Quasi mystique, le sélectionneur Claude Onesta développe (attention, c’est long, mais tout à fait passionnant) :
« A ce moment-là, personnellement, j’en avais plus perdu que gagné. Donc on n’en était pas encore à faire de la philosophie, on essayait de survivre à chaque compétition. Et après cette compétition, avec les problèmes d’arbitrage, c’était la première fois que je ne me faisais pas assassiner en sortant, les gens nous plaignaient presque car on était victimes d’une injustice. Passés deux ou trois jours, j’ai compris le piège : si vous arrivez à suffisamment bien expliquer vos défaites, vous les faites passer inaperçues. On aurait pu se contenter de la pitié que les gens nous envoyaient : " Les pauvres ! l’injustice ! En plus contre ces salauds d’Allemands ! ". Mais j’ai immédiatement demandé à mon staff de remettre tout en chantier car le seul truc sur lequel on peut agir c’est le jeu, la gestion. Ça, ça nous appartient. L’arbitrage, les délégués, le public, on n’aura jamais de prise dessus : on a perdu et on a pas su gérer des éléments qui étaient à proximité de nous. Alors c’est pas la peine de se réfugier là-dedans. Notre travail, c’est de faire en sorte que si notre jeu s’améliore et que notre équipe s’améliore, un jour elle le sera suffisamment pour ne plus subir ces environnements négatifs. Le fameux " On apprend de ses erreurs ", bah ce jour-là on a vraiment commencé à bien apprendre. »
>> France-Allemagne est à suivre en direct sur « 20 Minutes » à 20h30
Onesta change alors ses méthodes. Concrètement, voilà ce que ça donne :
- Une responsabilisation des joueurs : « J’ai beaucoup investi à ce moment-là sur une forme d’autonomie des joueurs, sur le fait de les amener avec nous dans la construction pour qu’ils soient aussi avec nous dans la gestion et la régulation du jeu, mais aussi dans l’analyse et le bilan. Ils sont devenus adultes. On avait des gens qui étaient devenus des acteurs intelligents. »

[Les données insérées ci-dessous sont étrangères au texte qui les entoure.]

(* Let $\mathcal{F}$ be a fundamental polygon for a discrete subgroup $\Gamma\leq\mathrm{PSL}_2(\mathbb{R})$ of finite covolume, and let $I,J$ be disjoint, non-empty, open, connected subsegments of $\partial\mathcal{F}$ such that no endpoint of $I$ lies on the same edge of $\mathcal{F}$ as an endpoint of $J$. Then $d_{I,J}>0$.
   Context: A fundamental polygon is an open convex $\mathcal{F}\subset\mathbb{H}$ whose closure is a convex hyperbolic polygon with finitely many geodesic sides, every point of $\mathbb{H}$ $\Gamma$-equivalent to a point of $\overline{\mathcal{F}}$, distinct $\Gamma$-equivalent points of $\overline{\mathcal{F}}$ lying on $\partial\mathcal{F}$; its edges are the maximal geodesic segments of $\partial\mathcal{F}$. Orient $\partial\mathcal{F}$ positively (with $\mathcal{F}$ on the left). Let $z_0\in\overline I$, $z_1\in\overline J$ be the endpoints such that the open arc of $\partial\mathcal{F}$ running positively from $z_1$ to $z_0$ is disjoint from $I\cup J$. Let $S$ be the complete geodesic through $z_0,z_1$ oriented from $z_0$ to $z_1$, with backward endpoint $x_0$ and forward endpoint $x_1$; take $\sigma\in\mathrm{PSL}_2(\mathbb{R})$ with $\sigma S=i\mathbb{R}$, $\sigma x_0=\infty$, $\sigma x_1=0$, and $\tilde B=\sigma^{-1}\{\Re z\geq0\}$. Then $\mathcal{P}_{I,J}=\tilde B\cap\mathcal{F}$ and $d_{I,J}$ is its hyperbolic area (measure $dx\,dy/y^2$). *)

theory Defs
  imports "HOL-Analysis.Analysis"
begin

definition UHP :: "complex set" where
  "UHP = {z. Im z > 0}"

type_synonym mat2 = "real^2^2"

definition SL2 :: "mat2 set" where
  "SL2 = {M. det M = 1}"

text \<open>A subgroup of PSL2(R)
  is represented by a subgroup of SL2(R) (e.g. its full preimage); the action and
  discreteness do not depend on this choice.\<close>
definition mob :: "mat2 \<Rightarrow> complex \<Rightarrow> complex" where
  "mob M z = (of_real (M$1$1) * z + of_real (M$1$2)) / (of_real (M$2$1) * z + of_real (M$2$2))"

definition subgroup_SL2 :: "mat2 set \<Rightarrow> bool" where
  "subgroup_SL2 G \<longleftrightarrow> G \<subseteq> SL2 \<and> mat 1 \<in> G \<and>
     (\<forall>g\<in>G. \<forall>h\<in>G. g ** h \<in> G) \<and> (\<forall>g\<in>G. matrix_inv g \<in> G)"

definition discrete_subgroup :: "mat2 set \<Rightarrow> bool" where
  "discrete_subgroup G \<longleftrightarrow> subgroup_SL2 G \<and>
     (\<forall>g\<in>G. \<exists>e>0. \<forall>h\<in>G. dist h g < e \<longrightarrow> h = g)"

definition hyp_area :: "complex set \<Rightarrow> ennreal" where
  "hyp_area S = (\<integral>\<^sup>+ z. ennreal (indicator S z / (Im z)^2) \<partial>lborel)"

text \<open>Every complete geodesic is the preimage of the imaginary axis under some
  element of PSL2(R), every hyperbolic half plane the preimage of a right half plane.\<close>
definition geodesic_line :: "mat2 \<Rightarrow> complex set" where
  "geodesic_line M = {z \<in> UHP. Re (mob M z) = 0}"

definition open_hp :: "mat2 \<Rightarrow> complex set" where
  "open_hp M = {z \<in> UHP. Re (mob M z) > 0}"

definition closed_hp :: "mat2 \<Rightarrow> complex set" where
  "closed_hp M = {z \<in> UHP. Re (mob M z) \<ge> 0}"

definition Fbar :: "complex set \<Rightarrow> complex set" where
  "Fbar F = closure F \<inter> UHP"

definition bdF :: "complex set \<Rightarrow> complex set" where
  "bdF F = Fbar F - F"

text \<open>An open convex F whose closure is a convex hyperbolic polygon with finitely many
  geodesic sides is exactly a non-empty finite intersection of open hyperbolic half planes.\<close>
definition fundamental_polygon :: "mat2 set \<Rightarrow> complex set \<Rightarrow> bool" where
  "fundamental_polygon G F \<longleftrightarrow>
     F \<noteq> {} \<and>
     (\<exists>Ms. finite Ms \<and> Ms \<subseteq> SL2 \<and> F = UHP \<inter> \<Inter>(open_hp ` Ms)) \<and>
     (\<forall>z\<in>UHP. \<exists>g\<in>G. mob g z \<in> Fbar F) \<and>
     (\<forall>z\<in>Fbar F. \<forall>w\<in>Fbar F. z \<noteq> w \<and> (\<exists>g\<in>G. mob g z = w) \<longrightarrow> z \<in> bdF F \<and> w \<in> bdF F)"

definition geodesic_subset :: "complex set \<Rightarrow> bool" where
  "geodesic_subset E \<longleftrightarrow> (\<exists>M\<in>SL2. E \<subseteq> geodesic_line M)"

definition is_edge :: "complex set \<Rightarrow> complex set \<Rightarrow> bool" where
  "is_edge F E \<longleftrightarrow> E \<subseteq> bdF F \<and> connected E \<and> geodesic_subset E \<and>
     (\<exists>a\<in>E. \<exists>b\<in>E. a \<noteq> b) \<and>
     (\<forall>E'. E \<subseteq> E' \<and> E' \<subseteq> bdF F \<and> connected E' \<and> geodesic_subset E' \<longrightarrow> E' = E)"

definition boundary_subsegment :: "complex set \<Rightarrow> complex set \<Rightarrow> bool" where
  "boundary_subsegment F I \<longleftrightarrow> I \<noteq> {} \<and> I \<subseteq> bdF F \<and>
     openin (top_of_set (bdF F)) I \<and> connected I"

text \<open>The Cayley map identifies the upper half plane together with its ideal boundary
  R \<union> {\<infinity>} with the closed unit disk; points of the closed disk are used as
  coordinates for points of H \<union> R \<union> {\<infinity>} (\<infinity> corresponds to 1, 0 to -1, the imaginary
  axis to the diameter (-1,1), its closure to [-1,1]).\<close>
definition cayley :: "complex \<Rightarrow> complex" where
  "cayley z = (z - \<i>) / (z + \<i>)"

text \<open>The action of M on the closed disk: the conjugate of mob M by the Cayley map,
  dmob M (cayley z) = cayley (mob M z); it extends continuously to the ideal boundary.\<close>
definition dmob :: "mat2 \<Rightarrow> complex \<Rightarrow> complex" where
  "dmob M w = (let a = M$1$1; b = M$1$2; c = M$2$1; d = M$2$2;
                   \<alpha> = Complex ((a + d) / 2) ((b - c) / 2);
                   \<beta> = Complex ((a - d) / 2) (- (b + c) / 2)
               in (\<alpha> * w + \<beta>) / (cnj \<beta> * w + cnj \<alpha>))"

text \<open>Endpoints (possibly ideal) of a subset of H, in disk coordinates.\<close>
definition ends :: "complex set \<Rightarrow> complex set" where
  "ends S = closure (cayley ` S) - cayley ` S"

text \<open>Boundary of F in the compactification (includes ideal vertices), disk coordinates.\<close>
definition cbd :: "complex set \<Rightarrow> complex set" where
  "cbd F = frontier (cayley ` F)"

text \<open>Open arc of the compactified boundary X running positively (counterclockwise,
  i.e. with F on the left) from a to b.  Angles are measured in the disk chart
  w \<mapsto> dmob \<tau> w, in which an interior point of F sits at the centre 0
  (hyperbolically convex F is then star shaped about 0).\<close>
definition pos_arc :: "mat2 \<Rightarrow> complex set \<Rightarrow> complex \<Rightarrow> complex \<Rightarrow> complex set" where
  "pos_arc \<tau> X a b = {w \<in> X. 0 < Arg2pi (dmob \<tau> w / dmob \<tau> a) \<and>
                          Arg2pi (dmob \<tau> w / dmob \<tau> a) < Arg2pi (dmob \<tau> b / dmob \<tau> a)}"

end

theory Submission
  imports Defs
begin

text \<open>If the area vanished, the open polygon \<open>F\<close> would lie in the closed half plane
  \<open>Re (\<sigma> z) \<le> 0\<close>, whose boundary geodesic \<open>S\<close> joins \<open>z0\<close> and \<open>z1\<close>.  In the Klein model \<open>F\<close> is an
  open convex polygon and \<open>S\<close> a straight chord; the segment joining the images of \<open>z0\<close> and \<open>z1\<close>
  lies in the closure of the polygon but, the polygon being open and on one side of the chord,
  not in the polygon itself.  Its preimage is therefore a connected piece of \<open>\<partial>F \<inter> S\<close>, and the
  edge of \<open>F\<close> containing it has both \<open>z0\<close> and \<open>z1\<close> in its closure, against the hypothesis on
  edges.  Only the polygon structure of \<open>F\<close>, the edge condition and the position of \<open>z0\<close>, \<open>z1\<close>
  on \<open>S\<close> are used.\<close>

definition cayley_inv :: "complex \<Rightarrow> complex" where
  "cayley_inv w = \<i> * (1 + w) / (1 - w)"

definition poincare_to_klein :: "complex \<Rightarrow> complex" where
  "poincare_to_klein w = 2 * w / (1 + of_real ((cmod w)^2))"

definition klein_to_poincare :: "complex \<Rightarrow> complex" where
  "klein_to_poincare u = u / (1 + of_real (sqrt (1 - (cmod u)^2)))"

definition klein_coord :: "complex \<Rightarrow> complex" where
  "klein_coord z = poincare_to_klein (cayley z)"

definition klein_point :: "complex \<Rightarrow> complex" where
  "klein_point u = cayley_inv (klein_to_poincare u)"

- Une remise à zéro tactique : « C’était le moment de vraiment réanalyser le jeu, identifier les éléments dans lesquels on était défaillants. Notamment sur le jeu rapide, en transition (entre attaque et défense), où les autres nations étaient meilleures »
- Une remise en question globale : « On s’est fait mal en se disant qu’on n’était pas bons alors qu’on avait plutôt tendance, jusque-là, à être consensuels. Vous devez convaincre des joueurs qu’il y a des choses qu’ils ne réalisent pas bien, parce que le propre du joueur c’est de croire qu’il fait tout bien. Il a donc fallu leur prouver pendant plusieurs mois, avec des études ou l’analyse des autres nations, que dans certains secteurs de jeu, certains étaient beaucoup plus efficaces que nous. Ils ont accepté le bilan et de ne plus mettre un mouchoir sur les petits défauts qu’on voyait et qu’on ne préférait pas aborder. »
L’effet est instantané. Champions olympiques l’année suivante puis en 2012, les Experts gagnent aussi le Mondial en Croatie face à la Croatie (2009), puis le Mondial en Suède face au Danemark (2011) et enfin le Mondial au Qatar face au Qatar (2015). Autant dire dans des ambiances similaires à 2007. « Cette frustration a fait que, quand on a eu la main derrière, on n'a plus rien lâché, analyse Jérôme Fernandez. On s’est dit " Une fois mais pas deux ". Ça nous a donné la force d’aller gagner chez les hôtes. Ça nous a donné une rage contre le système dont on s’est servis. »
Tant de succès qui nous amèneraient presque à baiser les pieds de messieurs Hakansson et Nilsson, les arbitres de ce France-Allemagne. Fernandez conclut : « Aujourd’hui, les arbitres ne s’amuseraient plus à nous faire ça. » Le privilège des puissants.